→ Goal of the exercise
Lift every line from the entries that includes the word "bool".

→ Data listing
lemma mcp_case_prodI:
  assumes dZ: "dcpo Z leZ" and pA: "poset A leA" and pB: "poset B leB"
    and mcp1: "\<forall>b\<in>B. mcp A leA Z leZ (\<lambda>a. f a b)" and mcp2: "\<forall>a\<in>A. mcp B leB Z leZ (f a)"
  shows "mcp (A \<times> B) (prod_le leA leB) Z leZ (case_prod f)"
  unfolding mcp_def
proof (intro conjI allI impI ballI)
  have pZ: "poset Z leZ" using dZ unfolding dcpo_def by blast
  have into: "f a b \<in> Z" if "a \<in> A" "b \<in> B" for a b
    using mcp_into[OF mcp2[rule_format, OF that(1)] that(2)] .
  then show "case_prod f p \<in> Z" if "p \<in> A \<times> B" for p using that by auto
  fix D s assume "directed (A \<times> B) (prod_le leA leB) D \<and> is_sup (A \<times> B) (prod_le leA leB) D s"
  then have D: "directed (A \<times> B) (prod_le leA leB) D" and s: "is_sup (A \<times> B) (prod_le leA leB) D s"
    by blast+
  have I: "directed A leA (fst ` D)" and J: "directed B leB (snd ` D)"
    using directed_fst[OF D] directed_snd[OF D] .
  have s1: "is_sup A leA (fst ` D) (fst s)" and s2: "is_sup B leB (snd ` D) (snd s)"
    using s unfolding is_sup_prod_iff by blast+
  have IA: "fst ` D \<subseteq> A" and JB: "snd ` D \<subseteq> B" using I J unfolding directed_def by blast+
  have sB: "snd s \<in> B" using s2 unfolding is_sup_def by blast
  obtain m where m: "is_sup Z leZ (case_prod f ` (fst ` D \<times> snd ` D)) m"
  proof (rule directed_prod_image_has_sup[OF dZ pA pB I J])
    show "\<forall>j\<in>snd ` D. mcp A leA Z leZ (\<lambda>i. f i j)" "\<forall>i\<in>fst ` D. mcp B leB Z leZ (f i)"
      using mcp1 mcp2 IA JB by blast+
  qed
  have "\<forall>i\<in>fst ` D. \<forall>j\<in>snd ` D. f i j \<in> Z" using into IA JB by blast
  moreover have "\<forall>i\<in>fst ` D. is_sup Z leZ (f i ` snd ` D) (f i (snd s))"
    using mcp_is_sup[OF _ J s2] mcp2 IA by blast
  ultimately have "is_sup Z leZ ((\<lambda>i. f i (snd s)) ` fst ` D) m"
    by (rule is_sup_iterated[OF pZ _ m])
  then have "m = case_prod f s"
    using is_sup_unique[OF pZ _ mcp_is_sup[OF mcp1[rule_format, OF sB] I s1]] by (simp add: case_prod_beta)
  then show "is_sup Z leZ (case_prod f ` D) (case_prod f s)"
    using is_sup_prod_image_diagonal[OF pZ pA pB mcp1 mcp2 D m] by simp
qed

* * *

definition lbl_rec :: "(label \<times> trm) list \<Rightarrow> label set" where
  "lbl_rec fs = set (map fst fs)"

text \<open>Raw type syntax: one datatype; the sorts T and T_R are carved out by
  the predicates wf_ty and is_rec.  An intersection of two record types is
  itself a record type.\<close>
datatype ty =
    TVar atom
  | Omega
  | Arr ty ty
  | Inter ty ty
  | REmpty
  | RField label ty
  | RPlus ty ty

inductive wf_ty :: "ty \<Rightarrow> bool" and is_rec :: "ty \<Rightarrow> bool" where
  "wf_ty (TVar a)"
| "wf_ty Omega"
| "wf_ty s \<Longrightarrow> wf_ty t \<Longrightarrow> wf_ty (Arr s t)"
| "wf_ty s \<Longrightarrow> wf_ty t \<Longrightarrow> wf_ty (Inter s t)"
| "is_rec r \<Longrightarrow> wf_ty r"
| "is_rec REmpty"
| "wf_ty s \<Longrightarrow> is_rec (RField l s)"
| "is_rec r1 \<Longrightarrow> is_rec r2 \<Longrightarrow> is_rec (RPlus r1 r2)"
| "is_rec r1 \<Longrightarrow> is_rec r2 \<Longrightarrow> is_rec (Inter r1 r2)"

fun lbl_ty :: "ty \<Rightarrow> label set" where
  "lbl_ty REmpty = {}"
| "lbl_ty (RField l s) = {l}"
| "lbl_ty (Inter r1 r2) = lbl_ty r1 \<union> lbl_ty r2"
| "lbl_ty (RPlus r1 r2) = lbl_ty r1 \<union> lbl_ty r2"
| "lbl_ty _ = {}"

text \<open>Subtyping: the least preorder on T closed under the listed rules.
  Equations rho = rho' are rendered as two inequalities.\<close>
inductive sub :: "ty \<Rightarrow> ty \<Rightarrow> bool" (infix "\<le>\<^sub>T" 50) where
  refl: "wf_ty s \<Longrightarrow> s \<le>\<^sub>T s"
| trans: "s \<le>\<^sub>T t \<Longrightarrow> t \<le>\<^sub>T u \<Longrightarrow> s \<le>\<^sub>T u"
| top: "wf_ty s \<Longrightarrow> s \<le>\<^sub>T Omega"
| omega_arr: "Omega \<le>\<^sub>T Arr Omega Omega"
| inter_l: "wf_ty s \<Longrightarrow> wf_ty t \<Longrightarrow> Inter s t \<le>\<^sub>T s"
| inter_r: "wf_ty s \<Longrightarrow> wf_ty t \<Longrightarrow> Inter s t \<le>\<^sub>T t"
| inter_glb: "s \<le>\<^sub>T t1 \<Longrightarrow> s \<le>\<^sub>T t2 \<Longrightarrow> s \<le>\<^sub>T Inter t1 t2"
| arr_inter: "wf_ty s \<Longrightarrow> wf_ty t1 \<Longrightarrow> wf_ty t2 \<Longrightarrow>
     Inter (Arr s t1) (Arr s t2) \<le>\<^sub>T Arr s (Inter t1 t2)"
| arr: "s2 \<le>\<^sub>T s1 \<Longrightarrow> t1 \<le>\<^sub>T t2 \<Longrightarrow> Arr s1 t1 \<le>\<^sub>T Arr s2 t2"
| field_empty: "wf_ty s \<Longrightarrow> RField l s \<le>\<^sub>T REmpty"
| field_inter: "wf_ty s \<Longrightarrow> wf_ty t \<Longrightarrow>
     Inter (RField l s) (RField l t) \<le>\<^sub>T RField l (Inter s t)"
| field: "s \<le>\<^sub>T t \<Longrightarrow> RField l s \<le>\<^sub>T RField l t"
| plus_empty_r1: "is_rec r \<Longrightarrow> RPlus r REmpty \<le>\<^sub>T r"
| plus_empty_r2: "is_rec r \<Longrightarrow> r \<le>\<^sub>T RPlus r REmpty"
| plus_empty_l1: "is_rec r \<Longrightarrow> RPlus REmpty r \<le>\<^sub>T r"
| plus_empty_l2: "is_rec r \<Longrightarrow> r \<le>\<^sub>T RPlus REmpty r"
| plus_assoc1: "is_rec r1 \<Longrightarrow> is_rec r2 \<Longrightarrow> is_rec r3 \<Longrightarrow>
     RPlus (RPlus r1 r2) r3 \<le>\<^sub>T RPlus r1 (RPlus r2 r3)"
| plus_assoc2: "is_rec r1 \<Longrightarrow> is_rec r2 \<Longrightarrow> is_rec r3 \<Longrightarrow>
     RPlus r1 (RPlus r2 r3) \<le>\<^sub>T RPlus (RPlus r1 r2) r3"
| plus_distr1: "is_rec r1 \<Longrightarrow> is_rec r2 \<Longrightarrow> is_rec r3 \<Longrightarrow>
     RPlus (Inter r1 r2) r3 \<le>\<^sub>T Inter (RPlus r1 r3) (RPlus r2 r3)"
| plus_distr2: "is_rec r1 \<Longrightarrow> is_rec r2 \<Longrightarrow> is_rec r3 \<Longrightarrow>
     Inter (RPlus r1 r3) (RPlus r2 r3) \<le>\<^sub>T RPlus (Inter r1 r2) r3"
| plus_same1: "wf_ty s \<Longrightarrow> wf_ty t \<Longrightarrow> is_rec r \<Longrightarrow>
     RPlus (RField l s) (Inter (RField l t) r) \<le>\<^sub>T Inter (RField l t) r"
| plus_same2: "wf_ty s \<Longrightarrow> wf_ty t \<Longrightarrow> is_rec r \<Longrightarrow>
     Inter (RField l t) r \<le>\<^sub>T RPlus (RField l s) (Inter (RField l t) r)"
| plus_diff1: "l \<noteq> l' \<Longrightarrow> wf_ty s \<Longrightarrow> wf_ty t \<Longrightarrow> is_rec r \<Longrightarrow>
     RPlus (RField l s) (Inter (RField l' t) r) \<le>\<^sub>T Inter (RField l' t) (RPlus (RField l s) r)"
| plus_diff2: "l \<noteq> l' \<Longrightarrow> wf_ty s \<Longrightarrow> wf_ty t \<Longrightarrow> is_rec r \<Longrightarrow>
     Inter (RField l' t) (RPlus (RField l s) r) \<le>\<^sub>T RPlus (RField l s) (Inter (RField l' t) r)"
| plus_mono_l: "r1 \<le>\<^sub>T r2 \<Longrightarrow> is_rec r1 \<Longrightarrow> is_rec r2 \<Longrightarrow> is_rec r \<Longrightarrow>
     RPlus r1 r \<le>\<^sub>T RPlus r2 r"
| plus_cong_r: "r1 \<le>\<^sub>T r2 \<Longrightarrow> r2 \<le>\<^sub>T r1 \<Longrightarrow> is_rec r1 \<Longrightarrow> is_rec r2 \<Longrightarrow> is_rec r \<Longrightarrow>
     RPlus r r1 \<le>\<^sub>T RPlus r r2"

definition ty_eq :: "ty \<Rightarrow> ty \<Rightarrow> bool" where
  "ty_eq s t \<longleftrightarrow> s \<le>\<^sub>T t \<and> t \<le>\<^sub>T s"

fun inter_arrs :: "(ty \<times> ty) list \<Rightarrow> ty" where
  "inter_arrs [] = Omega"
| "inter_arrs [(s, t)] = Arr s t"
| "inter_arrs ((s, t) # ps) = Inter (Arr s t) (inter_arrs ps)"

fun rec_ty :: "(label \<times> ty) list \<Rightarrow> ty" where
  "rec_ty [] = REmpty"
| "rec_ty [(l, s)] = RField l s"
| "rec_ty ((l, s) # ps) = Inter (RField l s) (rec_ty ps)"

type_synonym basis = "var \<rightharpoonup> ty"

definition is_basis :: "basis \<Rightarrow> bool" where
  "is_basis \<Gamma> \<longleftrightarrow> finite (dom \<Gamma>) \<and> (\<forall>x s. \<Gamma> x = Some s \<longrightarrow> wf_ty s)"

→ Result for this task
inductive wf_ty :: "ty \<Rightarrow> bool" and is_rec :: "ty \<Rightarrow> bool" where
inductive sub :: "ty \<Rightarrow> ty \<Rightarrow> bool" (infix "\<le>\<^sub>T" 50) where
definition ty_eq :: "ty \<Rightarrow> ty \<Rightarrow> bool" where
definition is_basis :: "basis \<Rightarrow> bool" where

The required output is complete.